Talks in Ethiopia between representatives of South Sudan President Salva Kiir and former vice president Riek Machar were to resume Tuesday.
— Associated Press
Pope limits use of ‘monsignor’ title: Pope Francis, in his latest move to simplify the Catholic Church’s hierarchy, has severely restricted the number of priests who can receive the honorific title “monsignor” — literally “my lord” — Vatican Radio said. From now on, the honorific title can be given only to priests who are at least 65, as opposed to the current 35, and thus have already given a
life of service to the church. Critics say the current standards foster favoritism and encourage careerism.

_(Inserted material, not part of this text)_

(* Let $F$ be a field of characteristic not 2 or 3 and $E$ an étale cubic $F$-algebra. Let $v_{0,E}=(1,0,0,-1)\in V_E(F)$. Then \[\mathrm{Stab}_{M_E}(v_{0,E})=\Big\{\begin{pmatrix}\alpha&0\\0&\alpha^{-1}\end{pmatrix}:\alpha\in E^1\Big\}\rtimes\{1,w\}\cong E^1\rtimes\mathbb Z/2\mathbb Z,\qquad w=\begin{pmatrix}0&1\\1&0\end{pmatrix},\] and $\mathrm{Stab}_{\tilde M_E}(v_{0,E})=E^1\rtimes(\mathbb Z/2\mathbb Z\times S_E)$. As subgroups of $GL_2(E)^0\rtimes S_E(F)$ (under the fixed isomorphism $M_E(F)\cong GL_2(E)^0$), this stabilizer equals the group of $F$-automorphisms $\mathrm{Aut}_F(E,C_E,Q,\beta)$ of the twisted composition algebra $C_E=E\oplus E$, $Q(x,y)=xy$, $\beta(x,y)=(y^\#,x^\#)$.
   Context: $E^1=\{\alpha\in E:N_E(\alpha)=1\}$; $x^\#$ is the adjoint with $xx^\#=N_E(x)$. $GL_2(E)^0=\{g\in GL_2(E):\det g\in F^\times\}$; $S_E(F)=\mathrm{Aut}_F(E)$. $\tilde M_E(F)=GL_2(E)^0\rtimes S_E(F)$ acts on $V_E(F)=F\oplus E\oplus E\oplus F$ (cubes $(a,e,f,b)$) as follows: $\sigma\in S_E(F)$ acts by $(a,e,f,b)\mapsto(a,\sigma e,\sigma f,b)$; $\mathrm{diag}(\alpha,\beta)$ with $\alpha\beta\in F^\times$ acts by $(a,e,f,b)\mapsto(\alpha^\#\beta^{-1}a,\alpha^\#\alpha^{-1}e,\beta^\#\beta^{-1}f,\beta^\#\alpha^{-1}b)$; $w$ acts by $(a,e,f,b)\mapsto(-b,-f,-e,-a)$; the full action is the $F$-form (via Galois descent along $E\otimes\bar F\cong\bar F^3$) of the split action of $(GL_2^3)^0$ on $F^2\otimes F^2\otimes F^2$ by $d^{-1}g_1\otimes g_2\otimes g_3$ ($d$ the common determinant), with $a,b$ the coefficients of $u_1^{\otimes3},u_2^{\otimes3}$, $e_i$ (resp. $f_i$) the coefficient of the basis vector with $u_2$ (resp. $u_1$) in the $i$-th factor and $u_1$ (resp. $u_2$) elsewhere. An $F$-automorphism of $C_E$ is a pair $(\phi,\sigma)$, $\sigma\in\mathrm{Aut}_F(E)$, $\phi$ $F$-linear bijective with $\phi(av)=\sigma(a)\phi(v)$, $\sigma\circ Q=Q\circ\phi$, $\phi\circ\beta=\beta\circ\phi$; it is viewed in $GL_2(E)\rtimes S_E(F)$ by writing $\phi$ as an $E$-linear map composed with $\sigma$ acting coordinatewise on $E^2$. *)

theory Defs
  imports Main
begin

Man to die in China for selling dirty cooking oil: A court in the eastern Chinese province of Shandong sentenced a man to death and two others to life imprisonment for producing and selling dirty cooking oil, state media reported. The black-market trade of recycled kitchen oil known as “gutter oil,” which can contain carcinogens, has been a chronic problem in China.
Spanish princess charged with tax fraud: Princess Cristina, the youngest daughter of King Juan Carlos of Spain, has been charged with committing tax fraud and money laundering, an investigating judge announced. The “Noos case” is a three-year-long alleged corruption scandal that also has embroiled the princess’s husband, former Olympic handball player Iñaki Urdangarin.
American held in Dubai to be released: An American who has been detained in the United Arab Emirates for nine months in connection with a satirical online video about would-be “gangsta” youth in Dubai was expected to be released soon, the State Department said. Shezanne Cassim, 29, of Woodbury, Minn., was arrested in April, six months after he and others uploaded their spoof documentary to the Internet.
Ex-Miss Venezuela slain in apparent robbery: Venezuelan officials said soap opera actress and former Miss Venezuela Mónica Spear and her husband were fatally shot resisting a robbery near Puerto Cabello, the country’s main port, after their car broke down. Their 5-year-old daughter was injured in the attack, police said. The family lived in the United States and was on vacation.